How do you solve a problem like the Donald? In a much‐​discussed column that ran Tuesday, Ross Douthat offered “The 25th Amendment Solution for Removing Trump.” Our 45th president has, by now, Douthat argues, demonstrated a breathtaking lack of the minimum requirements for the position he holds: including “managerial competence, a decent attention span… [and] a measure of restraint and self‐​control.” But given that his offenses thus far smack less of “high crimes [than] simple omni‐​incompetence,” removal under the 25th Amendment, on the grounds that Trump is “unable to discharge the powers and duties of his office,” is constitutionally “more appropriate” than impeachment, Douthat writes.


As a libertarian, I’m a sucker for crazy, longshot ideas, so of course I enjoyed the column. But Douthat’s argument rests on an unexamined assumption: that the impeachment power is categorically unavailable in cases of “omni‐​incompetence.” I don’t think that’s right.
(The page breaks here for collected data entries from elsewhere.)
lemma cycle_edge_redundant:
  assumes dist: "distinct cs" and len: "3 \<le> length cs" and e: "e \<in> cycle_edges cs"
  shows "\<exists>a b. e = {a, b} \<and> connected_in (cycle_edges cs - {e}) a b"
proof -
  define m where "m = length cs"
  define D where "D = cycle_edges cs - {e}"
  have nonempty: "cs \<noteq> []"
    using len by auto
  then have ends: "hd cs = cs ! 0" "last cs = cs ! (m - 1)"
    unfolding m_def by (simp_all add: hd_conv_nth last_conv_nth)
  have m3: "3 \<le> m"
    using len unfolding m_def .
  note same_edge = distinct_nth_doubleton_neq[OF dist, folded m_def]
  have path_in_D: "{cs ! t, cs ! (t + 1)} \<in> D"
    if "t < m - 1" "{cs ! t, cs ! (t + 1)} \<noteq> e" for t
    using that unfolding D_def cycle_edges_def m_def by blast
  have closing_in_D: "{cs ! (m - 1), cs ! 0} \<in> D" if "{cs ! (m - 1), cs ! 0} \<noteq> e"
    using that ends unfolding D_def cycle_edges_def by auto
  from e consider "e = {cs ! (m - 1), cs ! 0}"
    | j where "j < m - 1" "e = {cs ! j, cs ! (j + 1)}"
    using ends unfolding cycle_edges_def m_def by auto
  then show ?thesis
  proof cases
    case 1
    have "{cs ! t, cs ! (t + 1)} \<noteq> e" if "t < m - 1" for t
      unfolding 1 using that m3 by (intro same_edge) auto
    then have walk: "connected_in D (cs ! 0) (cs ! (m - 1))"
      using path_in_D by (intro walk_connected) auto
    show ?thesis
      unfolding D_def[symmetric] using 1 connected_in_sym[OF walk]
      by (intro exI[of _ "cs ! (m - 1)"] exI[of _ "cs ! 0"]) simp
  next
    case (2 j)
    have other: "{cs ! t, cs ! (t + 1)} \<noteq> e" if "t < m - 1" "t \<noteq> j" for t
      unfolding 2(2) using that 2(1) by (intro same_edge) auto
    have "{cs ! (m - 1), cs ! 0} \<noteq> e"
      unfolding 2(2) using 2(1) m3 by (intro same_edge) auto
    then have closing: "connected_in D (cs ! (m - 1)) (cs ! 0)"
      by (intro connected_in_edge closing_in_D)
    have after_j: "connected_in D (cs ! (j + 1)) (cs ! (m - 1))"
      using 2(1) other path_in_D by (intro walk_connected) auto
    have before_j: "connected_in D (cs ! 0) (cs ! j)"
      using 2(1) other path_in_D by (intro walk_connected) auto
    have "connected_in D (cs ! j) (cs ! (j + 1))"
      using connected_in_sym[OF connected_in_trans[OF connected_in_trans[OF after_j closing] before_j]] .
    then show ?thesis
      unfolding D_def[symmetric] using 2(2) by (intro exI[of _ "cs ! j"] exI[of _ "cs ! (j + 1)"]) simp
  qed
qed
text \<open>Each \<sigma> acts as \<eta> \<mapsto> \<eta>^(g^j) for a primitive root g mod p, and j is determined
  mod p - 1; so \<omega> \<sigma> = u^j, with u a primitive (p - 1)-th root of unity, is a character.\<close>
lemma eta_character:
  obtains \<omega> :: "(complex \<Rightarrow> complex) \<Rightarrow> complex"
  where "\<And>\<sigma> \<tau>. \<sigma> \<in> G \<Longrightarrow> \<tau> \<in> G \<Longrightarrow> \<omega> (\<sigma> \<circ> \<tau>) = \<omega> \<sigma> * \<omega> \<tau>"
    and "\<And>\<sigma>. \<sigma> \<in> G \<Longrightarrow> \<omega> \<sigma> = 1 \<longleftrightarrow> \<sigma> \<eta> = \<eta>"
proof -
  obtain g where g: "residue_primroot p g" using prime_primitive_root_exists[OF p_gt_1 prime] by blast
  then have dlog_cong_iff: "[g ^ i = g ^ i'] (mod p) \<longleftrightarrow> [i = i'] (mod (p - 1))" for i i'
    using order_divides_expdiff[of p g] prime by (simp add: residue_primroot_def totient_prime)
  define j where "j \<sigma> = (SOME j. \<sigma> \<eta> = \<eta> ^ (g ^ j))" for \<sigma>
  have j: "\<sigma> \<eta> = \<eta> ^ (g ^ j \<sigma>)" if "\<sigma> \<in> G" for \<sigma>
    unfolding j_def by (rule someI_ex) (use eta_image_primroot_power[OF that g] in blast)
  define u where "u = cis (2 * pi / (p - 1))"
  have u_power_eq_iff: "u ^ i = u ^ i' \<longleftrightarrow> [i = i'] (mod (p - 1))" for i i'
    unfolding u_def using p_gt_1 by (intro cis_pow_cong_iff) simp
  show ?thesis
  proof (rule that[of "\<lambda>\<sigma>. u ^ j \<sigma>"])
    fix \<sigma> \<tau> assume \<sigma>: "\<sigma> \<in> G" and \<tau>: "\<tau> \<in> G"
    have "\<eta> ^ (g ^ j (\<sigma> \<circ> \<tau>)) = \<sigma> (\<eta> ^ (g ^ j \<tau>))"
      using j[OF comp_mem[OF \<sigma> \<tau>]] j[OF \<tau>] by simp
    also have "\<dots> = \<eta> ^ (g ^ (j \<sigma> + j \<tau>))"
      using field_aut_power[OF subfield field_aut[OF \<sigma>] eta_mem] j[OF \<sigma>]
      by (simp add: power_add flip: power_mult)
    finally have "[j (\<sigma> \<circ> \<tau>) = j \<sigma> + j \<tau>] (mod (p - 1))"
      by (simp only: eta_power_eq_iff dlog_cong_iff)
    then show "u ^ j (\<sigma> \<circ> \<tau>) = u ^ j \<sigma> * u ^ j \<tau>" by (simp only: u_power_eq_iff flip: power_add)
  next
    fix \<sigma> assume \<sigma>: "\<sigma> \<in> G"
    have "u ^ j \<sigma> = 1 \<longleftrightarrow> [j \<sigma> = 0] (mod (p - 1))" using u_power_eq_iff[of "j \<sigma>" 0] by simp
    also have "\<dots> \<longleftrightarrow> [g ^ j \<sigma> = g ^ 0] (mod p)" by (simp only: dlog_cong_iff)
    also have "\<dots> \<longleftrightarrow> \<sigma> \<eta> = \<eta>" using j[OF \<sigma>] eta_power_eq_iff[of "g ^ j \<sigma>" "g ^ 0"] by simp
    finally show "u ^ j \<sigma> = 1 \<longleftrightarrow> \<sigma> \<eta> = \<eta>" .
  qed
qed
As I argue in a forthcoming piece for Reason magazine, this is the rare congressional power that’s actually broader than Congress believes it to be. (I’m sure Nick Gillespie’s going to love it.) 


The view that you can’t impeach a president for gross incompetence is widely shared, and some of the legislative history behind Article II, section 4, supports it. According to Madison’s notes on the Constitutional Convention, when George Mason moved to add “or maladministration” to the list of impeachable offenses, Madison objected that “so vague a term will be equivalent to a tenure during pleasure of the Senate.” Mason then substituted “high Crimes and Misdemeanors,” and that’s what we ended up with.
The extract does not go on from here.